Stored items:
===============
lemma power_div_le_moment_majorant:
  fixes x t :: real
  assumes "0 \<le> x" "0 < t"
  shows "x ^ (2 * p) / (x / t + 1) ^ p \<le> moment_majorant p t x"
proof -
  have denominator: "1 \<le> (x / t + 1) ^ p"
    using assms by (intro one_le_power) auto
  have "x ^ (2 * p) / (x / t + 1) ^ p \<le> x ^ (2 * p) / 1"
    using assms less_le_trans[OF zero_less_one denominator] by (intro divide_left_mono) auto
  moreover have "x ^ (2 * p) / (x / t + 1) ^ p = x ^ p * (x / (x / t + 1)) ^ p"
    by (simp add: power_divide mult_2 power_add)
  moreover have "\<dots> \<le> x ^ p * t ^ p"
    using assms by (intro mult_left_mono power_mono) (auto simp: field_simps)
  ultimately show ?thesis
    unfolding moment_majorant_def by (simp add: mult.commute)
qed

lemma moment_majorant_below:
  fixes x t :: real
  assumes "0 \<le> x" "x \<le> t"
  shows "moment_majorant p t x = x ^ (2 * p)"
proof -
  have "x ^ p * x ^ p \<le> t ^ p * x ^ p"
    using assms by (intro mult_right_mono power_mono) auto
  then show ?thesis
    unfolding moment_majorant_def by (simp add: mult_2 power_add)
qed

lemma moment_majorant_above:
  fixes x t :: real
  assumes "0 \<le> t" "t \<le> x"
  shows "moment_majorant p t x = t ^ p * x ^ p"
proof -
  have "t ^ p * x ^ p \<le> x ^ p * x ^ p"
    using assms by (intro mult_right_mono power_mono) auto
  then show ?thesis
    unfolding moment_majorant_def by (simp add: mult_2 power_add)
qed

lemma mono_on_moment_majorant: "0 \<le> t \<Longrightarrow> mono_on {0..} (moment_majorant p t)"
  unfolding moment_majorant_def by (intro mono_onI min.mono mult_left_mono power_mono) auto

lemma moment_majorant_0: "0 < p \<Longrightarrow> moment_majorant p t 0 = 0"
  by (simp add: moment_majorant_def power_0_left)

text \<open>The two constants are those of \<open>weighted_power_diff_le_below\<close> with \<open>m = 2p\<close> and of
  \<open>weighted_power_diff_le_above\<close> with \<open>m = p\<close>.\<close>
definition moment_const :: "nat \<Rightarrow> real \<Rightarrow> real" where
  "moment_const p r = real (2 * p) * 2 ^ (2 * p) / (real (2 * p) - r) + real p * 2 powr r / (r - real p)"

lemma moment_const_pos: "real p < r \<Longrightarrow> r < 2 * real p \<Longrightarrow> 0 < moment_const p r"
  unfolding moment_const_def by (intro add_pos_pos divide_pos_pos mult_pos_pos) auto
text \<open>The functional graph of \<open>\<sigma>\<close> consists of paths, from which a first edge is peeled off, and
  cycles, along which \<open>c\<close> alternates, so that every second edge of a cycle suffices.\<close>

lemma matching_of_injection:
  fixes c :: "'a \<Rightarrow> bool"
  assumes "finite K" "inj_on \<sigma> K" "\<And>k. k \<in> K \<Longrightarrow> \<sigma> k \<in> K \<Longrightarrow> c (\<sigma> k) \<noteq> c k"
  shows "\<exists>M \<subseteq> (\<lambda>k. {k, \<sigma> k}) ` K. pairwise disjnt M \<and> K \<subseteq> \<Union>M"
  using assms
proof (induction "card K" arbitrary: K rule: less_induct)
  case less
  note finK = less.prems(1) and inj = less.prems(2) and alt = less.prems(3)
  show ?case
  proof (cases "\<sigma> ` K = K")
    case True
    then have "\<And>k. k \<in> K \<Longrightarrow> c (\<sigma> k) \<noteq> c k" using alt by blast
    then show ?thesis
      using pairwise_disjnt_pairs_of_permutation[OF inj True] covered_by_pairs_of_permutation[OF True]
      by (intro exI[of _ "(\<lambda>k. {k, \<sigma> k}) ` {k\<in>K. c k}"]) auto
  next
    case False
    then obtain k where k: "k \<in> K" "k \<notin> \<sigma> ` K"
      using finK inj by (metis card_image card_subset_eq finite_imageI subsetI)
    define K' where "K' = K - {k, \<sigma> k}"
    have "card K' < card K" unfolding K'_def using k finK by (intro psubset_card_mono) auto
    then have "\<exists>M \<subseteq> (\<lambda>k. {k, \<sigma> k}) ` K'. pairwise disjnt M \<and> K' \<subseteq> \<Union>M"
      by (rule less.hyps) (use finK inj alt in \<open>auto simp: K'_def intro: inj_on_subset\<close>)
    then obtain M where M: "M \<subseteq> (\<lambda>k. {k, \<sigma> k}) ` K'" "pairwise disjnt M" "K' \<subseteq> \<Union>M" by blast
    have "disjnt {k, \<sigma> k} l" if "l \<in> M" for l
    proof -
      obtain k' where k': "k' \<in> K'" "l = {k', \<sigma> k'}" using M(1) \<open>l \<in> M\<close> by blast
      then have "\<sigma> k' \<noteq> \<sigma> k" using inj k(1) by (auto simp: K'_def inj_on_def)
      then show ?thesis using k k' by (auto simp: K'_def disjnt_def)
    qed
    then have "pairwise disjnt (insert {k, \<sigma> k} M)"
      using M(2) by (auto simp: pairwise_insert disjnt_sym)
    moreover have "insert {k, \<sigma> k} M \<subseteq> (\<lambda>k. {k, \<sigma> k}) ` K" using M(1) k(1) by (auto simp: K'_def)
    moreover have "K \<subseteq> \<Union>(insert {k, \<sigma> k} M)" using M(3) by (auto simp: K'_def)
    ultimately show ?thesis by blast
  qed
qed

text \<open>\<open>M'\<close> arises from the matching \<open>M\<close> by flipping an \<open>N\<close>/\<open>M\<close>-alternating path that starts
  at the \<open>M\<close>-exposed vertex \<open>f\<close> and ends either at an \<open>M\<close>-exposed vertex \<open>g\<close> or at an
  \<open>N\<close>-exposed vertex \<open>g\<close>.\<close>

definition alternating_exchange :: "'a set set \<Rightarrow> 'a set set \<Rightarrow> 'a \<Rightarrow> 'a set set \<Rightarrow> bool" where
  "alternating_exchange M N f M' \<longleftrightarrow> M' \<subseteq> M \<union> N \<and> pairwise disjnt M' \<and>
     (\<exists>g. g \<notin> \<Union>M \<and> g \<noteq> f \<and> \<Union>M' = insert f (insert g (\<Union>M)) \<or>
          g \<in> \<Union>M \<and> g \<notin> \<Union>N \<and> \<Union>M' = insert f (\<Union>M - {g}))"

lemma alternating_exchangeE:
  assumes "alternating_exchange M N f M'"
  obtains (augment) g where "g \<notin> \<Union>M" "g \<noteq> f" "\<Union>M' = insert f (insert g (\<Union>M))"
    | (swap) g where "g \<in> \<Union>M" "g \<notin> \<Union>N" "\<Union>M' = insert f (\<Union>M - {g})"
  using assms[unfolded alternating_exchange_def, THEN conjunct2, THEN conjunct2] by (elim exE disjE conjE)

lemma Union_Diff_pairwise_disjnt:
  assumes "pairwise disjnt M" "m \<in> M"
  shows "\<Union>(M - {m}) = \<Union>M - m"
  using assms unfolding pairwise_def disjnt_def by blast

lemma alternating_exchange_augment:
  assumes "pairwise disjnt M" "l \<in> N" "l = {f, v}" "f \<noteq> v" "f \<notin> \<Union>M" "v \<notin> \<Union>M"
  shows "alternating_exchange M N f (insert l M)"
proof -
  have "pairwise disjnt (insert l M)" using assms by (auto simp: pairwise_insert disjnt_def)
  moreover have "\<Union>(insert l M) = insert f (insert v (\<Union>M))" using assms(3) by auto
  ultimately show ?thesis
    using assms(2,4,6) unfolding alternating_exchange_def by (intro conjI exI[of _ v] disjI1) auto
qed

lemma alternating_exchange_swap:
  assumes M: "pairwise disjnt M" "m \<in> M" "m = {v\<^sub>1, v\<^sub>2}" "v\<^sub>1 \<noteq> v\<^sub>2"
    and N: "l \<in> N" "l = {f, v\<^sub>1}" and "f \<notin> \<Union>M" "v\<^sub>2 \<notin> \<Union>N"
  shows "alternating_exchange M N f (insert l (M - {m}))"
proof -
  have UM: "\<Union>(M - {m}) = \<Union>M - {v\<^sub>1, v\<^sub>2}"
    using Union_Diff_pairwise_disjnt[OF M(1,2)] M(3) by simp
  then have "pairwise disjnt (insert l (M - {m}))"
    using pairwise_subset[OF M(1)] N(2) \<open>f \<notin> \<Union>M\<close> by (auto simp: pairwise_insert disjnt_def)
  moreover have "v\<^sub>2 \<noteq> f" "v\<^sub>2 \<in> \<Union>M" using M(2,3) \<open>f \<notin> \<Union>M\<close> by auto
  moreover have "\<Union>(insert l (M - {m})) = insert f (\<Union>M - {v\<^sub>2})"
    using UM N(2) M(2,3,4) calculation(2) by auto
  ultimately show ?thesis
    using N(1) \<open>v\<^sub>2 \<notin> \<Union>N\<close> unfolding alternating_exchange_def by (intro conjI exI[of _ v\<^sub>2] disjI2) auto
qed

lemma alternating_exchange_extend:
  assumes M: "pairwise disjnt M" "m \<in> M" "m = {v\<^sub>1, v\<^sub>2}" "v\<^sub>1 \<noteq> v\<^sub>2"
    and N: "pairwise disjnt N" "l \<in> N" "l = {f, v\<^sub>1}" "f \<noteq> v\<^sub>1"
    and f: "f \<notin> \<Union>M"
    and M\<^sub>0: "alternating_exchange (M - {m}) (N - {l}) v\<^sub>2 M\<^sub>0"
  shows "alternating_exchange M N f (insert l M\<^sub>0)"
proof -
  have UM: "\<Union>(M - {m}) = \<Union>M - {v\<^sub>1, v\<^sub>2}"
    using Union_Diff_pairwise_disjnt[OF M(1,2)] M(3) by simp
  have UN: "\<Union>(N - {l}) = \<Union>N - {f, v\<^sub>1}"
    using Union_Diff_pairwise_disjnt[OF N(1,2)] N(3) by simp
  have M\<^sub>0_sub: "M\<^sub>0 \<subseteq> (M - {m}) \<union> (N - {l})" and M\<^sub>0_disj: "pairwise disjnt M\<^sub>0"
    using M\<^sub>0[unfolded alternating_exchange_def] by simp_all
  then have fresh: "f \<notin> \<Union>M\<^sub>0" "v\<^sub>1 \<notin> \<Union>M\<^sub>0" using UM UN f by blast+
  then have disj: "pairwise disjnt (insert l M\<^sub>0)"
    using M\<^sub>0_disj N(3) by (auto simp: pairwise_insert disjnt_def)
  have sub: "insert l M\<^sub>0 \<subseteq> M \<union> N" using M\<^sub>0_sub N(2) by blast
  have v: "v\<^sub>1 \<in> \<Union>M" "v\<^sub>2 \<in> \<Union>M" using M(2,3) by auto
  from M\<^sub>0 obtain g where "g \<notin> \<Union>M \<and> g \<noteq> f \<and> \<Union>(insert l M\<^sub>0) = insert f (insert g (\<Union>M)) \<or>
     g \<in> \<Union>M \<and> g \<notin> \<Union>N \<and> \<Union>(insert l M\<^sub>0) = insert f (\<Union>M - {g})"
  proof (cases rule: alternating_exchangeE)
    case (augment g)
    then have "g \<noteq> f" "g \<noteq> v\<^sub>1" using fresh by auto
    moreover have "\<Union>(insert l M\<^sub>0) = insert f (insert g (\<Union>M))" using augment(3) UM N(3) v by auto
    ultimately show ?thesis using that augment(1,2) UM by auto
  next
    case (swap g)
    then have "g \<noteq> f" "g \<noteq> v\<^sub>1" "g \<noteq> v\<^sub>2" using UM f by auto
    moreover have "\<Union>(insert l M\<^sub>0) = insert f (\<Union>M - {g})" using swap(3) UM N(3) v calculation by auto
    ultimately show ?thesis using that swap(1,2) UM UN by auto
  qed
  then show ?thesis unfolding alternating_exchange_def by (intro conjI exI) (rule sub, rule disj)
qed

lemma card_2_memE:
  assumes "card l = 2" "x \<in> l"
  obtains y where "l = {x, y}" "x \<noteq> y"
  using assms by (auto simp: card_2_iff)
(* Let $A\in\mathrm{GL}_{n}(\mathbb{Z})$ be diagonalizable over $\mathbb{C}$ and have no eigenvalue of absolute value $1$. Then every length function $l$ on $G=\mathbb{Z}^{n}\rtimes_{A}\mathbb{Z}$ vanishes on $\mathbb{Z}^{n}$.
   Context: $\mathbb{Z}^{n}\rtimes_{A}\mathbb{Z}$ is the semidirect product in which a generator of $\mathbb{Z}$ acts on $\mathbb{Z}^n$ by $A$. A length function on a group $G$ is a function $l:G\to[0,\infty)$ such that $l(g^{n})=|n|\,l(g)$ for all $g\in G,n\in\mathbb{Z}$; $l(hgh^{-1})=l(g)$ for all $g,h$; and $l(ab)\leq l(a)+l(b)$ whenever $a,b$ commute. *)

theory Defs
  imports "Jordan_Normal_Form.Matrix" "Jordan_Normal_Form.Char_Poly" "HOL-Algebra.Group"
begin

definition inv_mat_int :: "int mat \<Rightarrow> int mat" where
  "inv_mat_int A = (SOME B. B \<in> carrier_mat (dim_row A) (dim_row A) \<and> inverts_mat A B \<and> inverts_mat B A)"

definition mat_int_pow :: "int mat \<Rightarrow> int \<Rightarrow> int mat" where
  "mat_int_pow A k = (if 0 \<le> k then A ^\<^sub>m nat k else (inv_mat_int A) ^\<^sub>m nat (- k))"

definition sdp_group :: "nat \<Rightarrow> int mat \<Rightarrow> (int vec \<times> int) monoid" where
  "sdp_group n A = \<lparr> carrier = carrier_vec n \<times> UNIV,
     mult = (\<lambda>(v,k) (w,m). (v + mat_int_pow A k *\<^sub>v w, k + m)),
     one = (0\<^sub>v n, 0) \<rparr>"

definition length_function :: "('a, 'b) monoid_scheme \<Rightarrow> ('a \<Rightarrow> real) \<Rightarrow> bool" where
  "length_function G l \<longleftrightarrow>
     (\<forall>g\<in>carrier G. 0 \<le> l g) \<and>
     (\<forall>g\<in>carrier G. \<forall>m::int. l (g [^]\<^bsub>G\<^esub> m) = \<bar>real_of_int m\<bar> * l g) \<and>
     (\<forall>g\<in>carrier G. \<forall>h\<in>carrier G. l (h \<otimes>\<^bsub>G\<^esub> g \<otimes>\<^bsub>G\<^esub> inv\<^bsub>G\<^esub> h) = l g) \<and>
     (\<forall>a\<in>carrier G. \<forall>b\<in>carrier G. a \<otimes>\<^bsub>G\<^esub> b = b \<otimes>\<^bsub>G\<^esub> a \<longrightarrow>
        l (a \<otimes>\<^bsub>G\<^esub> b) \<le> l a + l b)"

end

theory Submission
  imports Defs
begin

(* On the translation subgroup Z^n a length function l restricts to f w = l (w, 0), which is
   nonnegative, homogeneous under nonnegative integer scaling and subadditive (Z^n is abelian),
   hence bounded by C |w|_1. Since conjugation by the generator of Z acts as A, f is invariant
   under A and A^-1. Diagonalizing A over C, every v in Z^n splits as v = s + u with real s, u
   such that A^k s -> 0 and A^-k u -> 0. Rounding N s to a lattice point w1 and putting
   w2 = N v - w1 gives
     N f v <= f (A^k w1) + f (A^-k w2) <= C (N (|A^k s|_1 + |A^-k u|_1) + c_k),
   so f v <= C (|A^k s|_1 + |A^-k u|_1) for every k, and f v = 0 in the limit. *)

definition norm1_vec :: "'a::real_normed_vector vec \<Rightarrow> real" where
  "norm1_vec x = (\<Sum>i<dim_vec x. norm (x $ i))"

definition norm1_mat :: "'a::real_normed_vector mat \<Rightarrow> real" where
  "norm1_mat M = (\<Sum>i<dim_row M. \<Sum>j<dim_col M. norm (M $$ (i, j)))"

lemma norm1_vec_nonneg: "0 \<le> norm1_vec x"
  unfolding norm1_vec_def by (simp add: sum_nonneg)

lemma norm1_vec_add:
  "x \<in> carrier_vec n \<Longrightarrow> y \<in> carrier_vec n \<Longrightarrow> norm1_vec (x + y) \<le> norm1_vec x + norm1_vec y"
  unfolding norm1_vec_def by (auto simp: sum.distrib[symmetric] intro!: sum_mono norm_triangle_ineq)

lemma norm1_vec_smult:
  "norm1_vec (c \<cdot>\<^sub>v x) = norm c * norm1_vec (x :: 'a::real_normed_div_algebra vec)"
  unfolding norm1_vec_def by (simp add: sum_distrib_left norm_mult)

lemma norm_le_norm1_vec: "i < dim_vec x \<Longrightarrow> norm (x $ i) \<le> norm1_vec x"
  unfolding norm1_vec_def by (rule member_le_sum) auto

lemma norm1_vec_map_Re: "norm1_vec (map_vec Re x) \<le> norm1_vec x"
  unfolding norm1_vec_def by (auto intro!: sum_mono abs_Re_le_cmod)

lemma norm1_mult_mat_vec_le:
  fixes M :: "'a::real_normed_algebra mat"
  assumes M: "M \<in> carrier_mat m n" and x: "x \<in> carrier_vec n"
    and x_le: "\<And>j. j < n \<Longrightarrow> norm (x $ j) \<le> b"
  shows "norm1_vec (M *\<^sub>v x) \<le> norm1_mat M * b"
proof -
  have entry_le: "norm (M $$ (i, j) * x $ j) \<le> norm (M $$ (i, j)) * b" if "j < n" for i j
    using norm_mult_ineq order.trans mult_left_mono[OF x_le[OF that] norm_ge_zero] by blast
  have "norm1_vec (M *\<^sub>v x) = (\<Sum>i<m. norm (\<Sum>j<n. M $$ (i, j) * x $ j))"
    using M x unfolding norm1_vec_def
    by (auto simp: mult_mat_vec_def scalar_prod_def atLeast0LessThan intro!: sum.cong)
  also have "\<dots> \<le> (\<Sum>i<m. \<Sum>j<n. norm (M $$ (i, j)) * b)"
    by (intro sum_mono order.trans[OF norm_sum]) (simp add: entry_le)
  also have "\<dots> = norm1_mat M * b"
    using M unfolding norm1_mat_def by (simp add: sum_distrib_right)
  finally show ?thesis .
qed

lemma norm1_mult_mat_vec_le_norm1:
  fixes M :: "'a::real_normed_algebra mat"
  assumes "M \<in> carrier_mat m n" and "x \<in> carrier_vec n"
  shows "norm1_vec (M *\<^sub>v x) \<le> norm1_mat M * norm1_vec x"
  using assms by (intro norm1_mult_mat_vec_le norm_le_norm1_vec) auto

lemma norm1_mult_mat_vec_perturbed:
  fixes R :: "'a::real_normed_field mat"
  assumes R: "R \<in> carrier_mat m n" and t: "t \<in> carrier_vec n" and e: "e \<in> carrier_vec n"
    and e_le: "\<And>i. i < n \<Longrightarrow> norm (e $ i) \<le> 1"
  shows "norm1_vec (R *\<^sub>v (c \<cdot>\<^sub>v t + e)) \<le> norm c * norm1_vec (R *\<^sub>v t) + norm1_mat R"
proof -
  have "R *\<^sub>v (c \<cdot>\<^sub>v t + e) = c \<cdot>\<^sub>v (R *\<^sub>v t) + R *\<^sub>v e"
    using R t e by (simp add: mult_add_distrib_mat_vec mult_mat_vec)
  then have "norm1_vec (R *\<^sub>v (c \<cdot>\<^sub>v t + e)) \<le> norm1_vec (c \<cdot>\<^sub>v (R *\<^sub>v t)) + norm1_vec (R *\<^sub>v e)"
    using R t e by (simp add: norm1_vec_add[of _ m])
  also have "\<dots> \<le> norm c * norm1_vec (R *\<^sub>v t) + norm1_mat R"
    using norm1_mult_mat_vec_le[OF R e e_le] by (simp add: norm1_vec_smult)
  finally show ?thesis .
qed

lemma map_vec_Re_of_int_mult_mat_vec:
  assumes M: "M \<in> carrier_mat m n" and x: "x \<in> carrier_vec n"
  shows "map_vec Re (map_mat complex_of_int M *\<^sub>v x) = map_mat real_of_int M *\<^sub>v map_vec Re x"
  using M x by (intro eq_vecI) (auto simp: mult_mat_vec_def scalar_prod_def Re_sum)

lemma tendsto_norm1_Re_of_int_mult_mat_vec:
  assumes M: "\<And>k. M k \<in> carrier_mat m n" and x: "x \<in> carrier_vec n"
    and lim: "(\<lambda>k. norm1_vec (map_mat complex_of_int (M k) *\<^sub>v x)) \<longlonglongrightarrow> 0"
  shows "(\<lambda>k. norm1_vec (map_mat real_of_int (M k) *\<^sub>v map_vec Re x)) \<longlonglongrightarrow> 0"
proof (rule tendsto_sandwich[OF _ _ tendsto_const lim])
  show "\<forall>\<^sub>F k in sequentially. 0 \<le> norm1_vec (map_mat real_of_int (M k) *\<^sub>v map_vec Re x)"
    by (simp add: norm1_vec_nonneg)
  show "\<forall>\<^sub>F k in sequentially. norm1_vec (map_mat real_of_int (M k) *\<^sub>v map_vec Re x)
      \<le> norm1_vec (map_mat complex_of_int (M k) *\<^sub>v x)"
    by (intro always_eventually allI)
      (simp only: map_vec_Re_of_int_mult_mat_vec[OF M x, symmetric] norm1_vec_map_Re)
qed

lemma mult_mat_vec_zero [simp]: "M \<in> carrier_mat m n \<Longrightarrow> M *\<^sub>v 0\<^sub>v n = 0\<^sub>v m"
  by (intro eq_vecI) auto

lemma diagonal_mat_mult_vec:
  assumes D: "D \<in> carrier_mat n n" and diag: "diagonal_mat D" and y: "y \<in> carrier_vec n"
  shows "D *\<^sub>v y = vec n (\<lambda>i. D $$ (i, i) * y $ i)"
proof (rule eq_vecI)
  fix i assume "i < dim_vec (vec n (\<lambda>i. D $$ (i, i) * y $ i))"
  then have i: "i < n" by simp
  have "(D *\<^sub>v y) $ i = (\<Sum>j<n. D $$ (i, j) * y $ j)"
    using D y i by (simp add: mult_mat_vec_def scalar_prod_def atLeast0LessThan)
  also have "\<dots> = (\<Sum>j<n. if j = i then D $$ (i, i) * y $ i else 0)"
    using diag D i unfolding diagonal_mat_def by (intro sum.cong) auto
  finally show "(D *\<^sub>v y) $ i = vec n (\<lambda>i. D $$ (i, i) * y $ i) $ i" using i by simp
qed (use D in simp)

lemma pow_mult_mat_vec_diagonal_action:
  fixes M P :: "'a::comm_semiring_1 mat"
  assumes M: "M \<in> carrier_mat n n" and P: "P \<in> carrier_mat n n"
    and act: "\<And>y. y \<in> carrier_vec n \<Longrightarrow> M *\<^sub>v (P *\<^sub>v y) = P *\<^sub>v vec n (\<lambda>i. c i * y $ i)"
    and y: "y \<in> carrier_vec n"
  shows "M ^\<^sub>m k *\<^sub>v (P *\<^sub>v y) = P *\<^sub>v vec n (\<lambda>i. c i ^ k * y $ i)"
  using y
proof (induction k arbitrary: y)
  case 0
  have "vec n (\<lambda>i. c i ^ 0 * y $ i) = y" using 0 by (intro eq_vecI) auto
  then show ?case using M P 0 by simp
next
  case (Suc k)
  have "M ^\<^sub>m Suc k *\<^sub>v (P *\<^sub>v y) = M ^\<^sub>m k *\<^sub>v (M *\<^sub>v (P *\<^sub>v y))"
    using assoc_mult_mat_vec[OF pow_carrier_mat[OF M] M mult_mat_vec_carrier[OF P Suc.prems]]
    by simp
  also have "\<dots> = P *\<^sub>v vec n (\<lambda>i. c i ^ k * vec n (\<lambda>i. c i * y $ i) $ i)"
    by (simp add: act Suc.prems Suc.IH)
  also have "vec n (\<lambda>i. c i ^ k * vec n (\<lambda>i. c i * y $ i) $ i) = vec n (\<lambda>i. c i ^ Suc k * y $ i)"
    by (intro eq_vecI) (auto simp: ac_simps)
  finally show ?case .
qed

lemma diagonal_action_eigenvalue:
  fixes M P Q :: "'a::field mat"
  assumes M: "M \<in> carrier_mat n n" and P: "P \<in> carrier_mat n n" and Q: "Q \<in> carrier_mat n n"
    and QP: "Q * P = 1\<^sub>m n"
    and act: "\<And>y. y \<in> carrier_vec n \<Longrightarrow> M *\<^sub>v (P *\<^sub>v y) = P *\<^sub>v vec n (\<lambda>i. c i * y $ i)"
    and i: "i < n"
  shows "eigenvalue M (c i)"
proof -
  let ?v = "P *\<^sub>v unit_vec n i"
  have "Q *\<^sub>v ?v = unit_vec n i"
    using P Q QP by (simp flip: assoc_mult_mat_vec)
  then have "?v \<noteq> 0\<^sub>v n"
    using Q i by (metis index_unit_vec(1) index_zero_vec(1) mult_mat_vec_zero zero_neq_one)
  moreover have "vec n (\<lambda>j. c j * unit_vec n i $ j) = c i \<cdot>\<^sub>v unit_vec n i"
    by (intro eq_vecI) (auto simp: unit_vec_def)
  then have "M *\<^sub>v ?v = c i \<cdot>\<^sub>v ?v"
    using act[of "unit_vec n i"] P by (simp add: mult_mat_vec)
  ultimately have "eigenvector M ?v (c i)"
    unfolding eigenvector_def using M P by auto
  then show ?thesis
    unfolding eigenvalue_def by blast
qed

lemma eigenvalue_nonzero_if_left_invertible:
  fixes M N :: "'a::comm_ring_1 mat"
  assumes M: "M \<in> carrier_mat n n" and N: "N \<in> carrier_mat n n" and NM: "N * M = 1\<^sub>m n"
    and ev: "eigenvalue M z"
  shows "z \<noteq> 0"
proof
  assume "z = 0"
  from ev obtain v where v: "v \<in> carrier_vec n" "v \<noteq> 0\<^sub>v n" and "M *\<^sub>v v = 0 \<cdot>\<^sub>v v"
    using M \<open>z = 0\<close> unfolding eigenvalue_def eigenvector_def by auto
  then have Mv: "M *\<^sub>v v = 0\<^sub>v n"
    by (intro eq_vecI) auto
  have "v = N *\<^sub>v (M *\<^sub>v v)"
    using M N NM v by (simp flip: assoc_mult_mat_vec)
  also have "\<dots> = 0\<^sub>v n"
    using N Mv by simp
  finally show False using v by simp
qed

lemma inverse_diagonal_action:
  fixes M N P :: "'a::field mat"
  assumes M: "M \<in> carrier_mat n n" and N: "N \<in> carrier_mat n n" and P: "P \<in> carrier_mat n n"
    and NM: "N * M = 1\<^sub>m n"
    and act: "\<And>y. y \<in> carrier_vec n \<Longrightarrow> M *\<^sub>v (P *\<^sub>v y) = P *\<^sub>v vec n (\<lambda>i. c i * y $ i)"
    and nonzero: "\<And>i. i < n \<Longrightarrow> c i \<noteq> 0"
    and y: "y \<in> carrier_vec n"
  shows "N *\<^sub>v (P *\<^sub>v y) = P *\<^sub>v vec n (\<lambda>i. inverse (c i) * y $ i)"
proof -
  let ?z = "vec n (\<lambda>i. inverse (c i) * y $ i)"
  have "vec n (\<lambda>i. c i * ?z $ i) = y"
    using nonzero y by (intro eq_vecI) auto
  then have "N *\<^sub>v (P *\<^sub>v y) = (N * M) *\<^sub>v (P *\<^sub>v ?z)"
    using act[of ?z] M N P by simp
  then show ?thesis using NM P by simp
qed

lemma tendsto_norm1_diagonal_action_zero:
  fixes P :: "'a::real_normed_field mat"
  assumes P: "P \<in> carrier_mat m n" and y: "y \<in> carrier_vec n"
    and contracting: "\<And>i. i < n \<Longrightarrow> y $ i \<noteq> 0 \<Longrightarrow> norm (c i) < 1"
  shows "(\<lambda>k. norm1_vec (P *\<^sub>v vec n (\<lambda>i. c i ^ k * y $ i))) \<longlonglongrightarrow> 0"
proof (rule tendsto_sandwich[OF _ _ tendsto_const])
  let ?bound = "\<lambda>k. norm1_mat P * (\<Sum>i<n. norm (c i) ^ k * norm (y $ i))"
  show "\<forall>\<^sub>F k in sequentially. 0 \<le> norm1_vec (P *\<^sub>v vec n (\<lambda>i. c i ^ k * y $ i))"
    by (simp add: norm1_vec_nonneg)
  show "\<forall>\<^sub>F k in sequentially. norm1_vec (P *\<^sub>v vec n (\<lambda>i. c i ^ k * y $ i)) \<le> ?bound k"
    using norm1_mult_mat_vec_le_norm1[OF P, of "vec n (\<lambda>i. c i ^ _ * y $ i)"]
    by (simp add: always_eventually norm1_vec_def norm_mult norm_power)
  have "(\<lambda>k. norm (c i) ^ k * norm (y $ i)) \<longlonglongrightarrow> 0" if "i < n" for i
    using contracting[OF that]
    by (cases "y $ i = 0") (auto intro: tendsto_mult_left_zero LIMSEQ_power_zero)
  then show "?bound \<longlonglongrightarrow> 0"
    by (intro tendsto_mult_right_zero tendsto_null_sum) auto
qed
===============
Look through the entries above. Copy each line in which the string "fresh" occurs.

Written solution —
  then have fresh: "f \<notin> \<Union>M\<^sub>0" "v\<^sub>1 \<notin> \<Union>M\<^sub>0" using UM UN f by blast+
    then have "g \<noteq> f" "g \<noteq> v\<^sub>1" using fresh by auto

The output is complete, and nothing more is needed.